“Without any prior warning, Facebook informed Press TV on Friday that its account had been shut down for what it claimed to be the Iranian news channel’s failure to ‘follow our Community Standards,’” the outlet reported, calling the ban “yet another attack by the US-based social media giant on Iranian media outlets.”
‘We have already reviewed this decision and it can’t be reversed,’ said Facebook in a note, without specifying the so-called violations of its rules.
While the news agency said Facebook gave no indication of what specific posts violated its “standards,” it is not Press TV’s first run-in with the platform. Earlier this year, the outlet’s page, which boasted some 4 million followers, was slapped with a ban with no “warning or explanation,” Press TV said. Strangely, though Facebook said the ban was “final,” the page was reinstated just a few hours later after an appeal from the outlet.
Some observers voiced suspicion after the earlier ban, noting it came on the same day then-US Secretary of State Mike Pompeo accused the Islamic Republic of harboring Al-Qaeda militants within its borders.
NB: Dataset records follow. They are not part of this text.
(* Let $\{s_k\}_{k\ge0}$ be a strictly positive sequence and let $(L,\omega,\upsilon)$ be the corresponding Krein--Langer string with coefficients $l_j,\omega_j,\upsilon_j$ ($j\ge0$) given by $l_j = \frac{\Delta_{1,k(j)}^2}{\Delta_{0,k(j)-1}\Delta_{0,k(j)}}$; $\omega_j=\frac{\Delta_{0,k(j)}^2}{\Delta_{1,k(j)}\Delta_{1,k(j)+1}}$, $\upsilon_j=0$ if $k(j+1)-k(j)=1$; $\omega_j=\frac{\Delta_{-1,k(j)}}{\Delta_{1,k(j)}}-\frac{\Delta_{-1,k(j+1)}}{\Delta_{1,k(j+1)}}$, $\upsilon_j=\frac{\Delta_{-1,k(j)+1}^2}{\Delta_{0,k(j)}\Delta_{0,k(j)+1}}$ if $k(j+1)-k(j)=2$. Let $\{P_n\}_{n\ge0}$ and $\{Q_n\}_{n\ge0}$ be the associated polynomials of the first and second kind. Then for all $j\ge0$, $$l_j=|P_{k(j)}(0)|^2,\qquad \omega_j=\frac{Q_{k(j)}(0)}{P_{k(j)}(0)}-\frac{Q_{k(j+1)}(0)}{P_{k(j+1)}(0)},$$ and $$\upsilon_j=\begin{cases}0,& k(j+1)-k(j)=1,\\ |Q_{k(j)+1}(0)|^2,& k(j+1)-k(j)=2.\end{cases}$$
   Context: A real sequence $\{s_k\}_{k\ge0}$ is strictly positive if $\Delta_{0,n}:=\det(s_{i+j})_{i,j=0}^{n}>0$ for all $n\ge0$; $\Delta_{0,-1}:=1$. $\Delta_{1,0}:=1$, $\Delta_{1,n}:=\det(s_{i+j+1})_{i,j=0}^{n-1}$ ($n\ge1$); $\Delta_{-1,0}:=0$, $\Delta_{-1,n}:=\det(s_{i+j-1})_{i,j=0}^{n}$ with $s_{-1}:=0$ ($n\ge1$). For $j\ge0$, $k(j)$ is the largest integer $k\ge0$ such that exactly $j$ of $\Delta_{1,0},\dots,\Delta_{1,k-1}$ are nonzero. Polynomials of the first kind: $P_0:=1/\sqrt{s_0}$ and, for $n\ge1$, $P_n(z):=\frac{1}{\sqrt{\Delta_{0,n-1}\Delta_{0,n}}}\det M_n(z)$, where $M_n(z)$ is the $(n+1)\times(n+1)$ matrix whose first $n$ rows are $(s_i,s_{i+1},\dots,s_{i+n})$, $i=0,\dots,n-1$, and whose last row is $(1,z,\dots,z^n)$. Polynomials of the second kind: $Q_0:=0$ and $Q_n(z):=\int_{\mathbb R}\frac{P_n(\lambda)-P_n(z)}{\lambda-z}\rho(d\lambda)$ for $n\ge1$, where $\rho$ is any positive Borel measure on $\mathbb R$ with $\int\lambda^k\rho(d\lambda)=s_k$ for all $k$ (this does not depend on the choice of $\rho$). *)

theory Defs
  imports "HOL-Analysis.Analysis" "Jordan_Normal_Form.Determinant"
begin

text \<open>Hankel determinants. Delta0 s n = Delta_{0,n} for n >= -1 (Delta_{0,-1} = 1).\<close>
definition Delta0 :: "(nat \<Rightarrow> real) \<Rightarrow> int \<Rightarrow> real" where
  "Delta0 s n = (if n = -1 then 1
     else Determinant.det (Matrix.mat (nat n + 1) (nat n + 1) (\<lambda>(i,j). s (i + j))))"

definition Delta1 :: "(nat \<Rightarrow> real) \<Rightarrow> nat \<Rightarrow> real" where
  "Delta1 s n = (if n = 0 then 1
     else Determinant.det (Matrix.mat n n (\<lambda>(i,j). s (i + j + 1))))"

text \<open>Delta_{-1,n}, with the convention s_{-1} = 0.\<close>
definition Deltam1 :: "(nat \<Rightarrow> real) \<Rightarrow> nat \<Rightarrow> real" where
  "Deltam1 s n = (if n = 0 then 0
     else Determinant.det (Matrix.mat (n + 1) (n + 1)
            (\<lambda>(i,j). if i + j = 0 then 0 else s (i + j - 1))))"

definition strictly_positive :: "(nat \<Rightarrow> real) \<Rightarrow> bool" where
  "strictly_positive s \<longleftrightarrow> (\<forall>n::nat. Delta0 s (int n) > 0)"

definition kidx :: "(nat \<Rightarrow> real) \<Rightarrow> nat \<Rightarrow> nat" where
  "kidx s j = (GREATEST k. card {i. i < k \<and> Delta1 s i \<noteq> 0} = j)"

definition Ppoly :: "(nat \<Rightarrow> real) \<Rightarrow> nat \<Rightarrow> real poly" where
  "Ppoly s n = (if n = 0 then [: 1 / sqrt (s 0) :]
     else Polynomial.smult (1 / sqrt (Delta0 s (int n - 1) * Delta0 s (int n)))
       (Determinant.det (Matrix.mat (n + 1) (n + 1)
          (\<lambda>(i,j). if i < n then [: s (i + j) :] else monom 1 j))))"

definition Pfun :: "(nat \<Rightarrow> real) \<Rightarrow> nat \<Rightarrow> real \<Rightarrow> real" where
  "Pfun s n z = poly (Ppoly s n) z"

definition divdiff :: "real poly \<Rightarrow> real \<Rightarrow> real \<Rightarrow> real" where
  "divdiff p z x = (if x = z then poly (pderiv p) z else (poly p x - poly p z) / (x - z))"

definition moment_measure :: "(nat \<Rightarrow> real) \<Rightarrow> real measure \<Rightarrow> bool" where
  "moment_measure s \<rho> \<longleftrightarrow> sets \<rho> = sets borel \<and>
     (\<forall>k. integrable \<rho> (\<lambda>x. x ^ k) \<and> (\<integral>x. x ^ k \<partial>\<rho>) = s k)"

definition Qfun :: "(nat \<Rightarrow> real) \<Rightarrow> real measure \<Rightarrow> nat \<Rightarrow> real \<Rightarrow> real" where
  "Qfun s \<rho> n z = (if n = 0 then 0 else (\<integral>x. divdiff (Ppoly s n) z x \<partial>\<rho>))"

definition lcoef :: "(nat \<Rightarrow> real) \<Rightarrow> nat \<Rightarrow> real" where
  "lcoef s j = (Delta1 s (kidx s j))\<^sup>2 /
      (Delta0 s (int (kidx s j) - 1) * Delta0 s (int (kidx s j)))"

definition omegacoef :: "(nat \<Rightarrow> real) \<Rightarrow> nat \<Rightarrow> real" where
  "omegacoef s j = (let k = kidx s j; k' = kidx s (Suc j) in
     if k' - k = 1 then (Delta0 s (int k))\<^sup>2 / (Delta1 s k * Delta1 s (k + 1))
     else if k' - k = 2 then Deltam1 s k / Delta1 s k - Deltam1 s k' / Delta1 s k'
     else undefined)"

definition upsiloncoef :: "(nat \<Rightarrow> real) \<Rightarrow> nat \<Rightarrow> real" where
  "upsiloncoef s j = (let k = kidx s j; k' = kidx s (Suc j) in
     if k' - k = 1 then 0
     else if k' - k = 2 then (Deltam1 s (k + 1))\<^sup>2 / (Delta0 s (int k) * Delta0 s (int k + 1))
     else undefined)"

end

theory Submission
  imports Defs "Jordan_Normal_Form.Char_Poly" "Jordan_Normal_Form.Column_Operations"
begin

text \<open>Expanding the determinant that defines P_n along its last row (1, z, ..., z^n) shows
  that P_n(0) is (-1)^n Delta_{1,n} times the normalising factor (Delta_{0,n-1} Delta_{0,n})^{-1/2}.
  Integrating the divided difference (P_n(x) - P_n(0))/x against the moments replaces that last
  row by (0, s_0, ..., s_{n-1}), so Q_n(0) is the same factor times (-1)^n Delta_{-1,n}. This gives
  l_j and upsilon_j, and Q_n(0)/P_n(0) = Delta_{-1,n}/Delta_{1,n}.
  The Desnanot--Jacobi identity for the Hankel matrix of Delta_{-1,n+1} reads
  Delta_{-1,n+1} Delta_{1,n} = Delta_{1,n+1} Delta_{-1,n} - Delta_{0,n}^2. As Delta_{0,n} > 0, no two
  consecutive Delta_{1,n} vanish, so k(j+1) - k(j) is 1 or 2; and when it is 1, the identity turns
  the first formula for omega_j into the difference of the two ratios.\<close>

section \<open>The Desnanot--Jacobi identity\<close>

lemma det_eq_entry_mult_cofactor_col:
  fixes A :: "'a :: comm_ring_1 mat"
  assumes A: "A \<in> carrier_mat n n" and "j < n" "k < n"
    and zero: "\<And>i. i < n \<Longrightarrow> i \<noteq> k \<Longrightarrow> A $$ (i,j) = 0"
  shows "det A = A $$ (k,j) * cofactor A k j"
proof -
  have "det A = (\<Sum>i<n. A $$ (i,j) * cofactor A i j)"
    by (rule laplace_expansion_column[OF A \<open>j < n\<close>])
  also have "\<dots> = (\<Sum>i\<in>{k}. A $$ (i,j) * cofactor A i j)"
    using \<open>k < n\<close> zero by (intro sum.mono_neutral_right) auto
  finally show ?thesis by simp
qed

lemma det_eq_entry_mult_cofactor_row:
  fixes A :: "'a :: comm_ring_1 mat"
  assumes A: "A \<in> carrier_mat n n" and "i < n" "k < n"
    and zero: "\<And>j. j < n \<Longrightarrow> j \<noteq> k \<Longrightarrow> A $$ (i,j) = 0"
  shows "det A = A $$ (i,k) * cofactor A i k"
proof -
  have "det A = (\<Sum>j<n. A $$ (i,j) * cofactor A i j)"
    by (rule laplace_expansion_row[OF A \<open>i < n\<close>])
  also have "\<dots> = (\<Sum>j\<in>{k}. A $$ (i,j) * cofactor A i j)"
    using \<open>k < n\<close> zero by (intro sum.mono_neutral_right) auto
  finally show ?thesis by simp
qed

lemma det_zero_col:
  fixes A :: "'a :: comm_ring_1 mat"
  assumes "A \<in> carrier_mat n n" and "j < n" and "\<And>i. i < n \<Longrightarrow> A $$ (i,j) = 0"
  shows "det A = 0"
  using laplace_expansion_column[OF assms(1,2)] assms(3) by simp

lemma det_two_unit_cols:
  fixes W :: "'a :: comm_ring_1 mat"
  assumes W: "W \<in> carrier_mat (Suc (Suc n)) (Suc (Suc n))"
    and col_0: "\<And>i. 0 < i \<Longrightarrow> i < Suc (Suc n) \<Longrightarrow> W $$ (i,0) = 0"
    and col_last: "\<And>i. i < Suc n \<Longrightarrow> W $$ (i, Suc n) = 0"
  shows "det W = W $$ (0,0) * W $$ (Suc n, Suc n) * det (mat_delete (mat_delete W 0 0) n n)"
proof -
  define V where "V = mat_delete W 0 0"
  have V: "V \<in> carrier_mat (Suc n) (Suc n)" using mat_delete_carrier[OF W] by (simp add: V_def)
  have V_entry: "V $$ (i,j) = W $$ (Suc i, Suc j)" if "i < Suc n" "j < Suc n" for i j
    using that W by (simp add: V_def mat_delete_def)
  have "det W = W $$ (0,0) * det V"
    using det_eq_entry_mult_cofactor_col[OF W, of 0 0] col_0 by (simp add: cofactor_def V_def)
  also have "det V = W $$ (Suc n, Suc n) * det (mat_delete V n n)"
    using det_eq_entry_mult_cofactor_col[OF V, of n n] col_last
    by (simp add: cofactor_def V_entry)
  finally show ?thesis by (simp add: V_def)
qed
Press TV itself, meanwhile, suggested it might have stemmed from its own coverage of the “shocking post-election violence in the US,” after which thousands of social media accounts across several sites were sent down the memory hole, many without any apparent justification.
Press TV has also faced six different bans on more than one of its accounts on Google-owned YouTube, with the platform citing violations of its rules on several occasions and most recently pointing to an alleged breach of “export laws.” The outlet continues to be locked out of both its YouTube and Gmail accounts.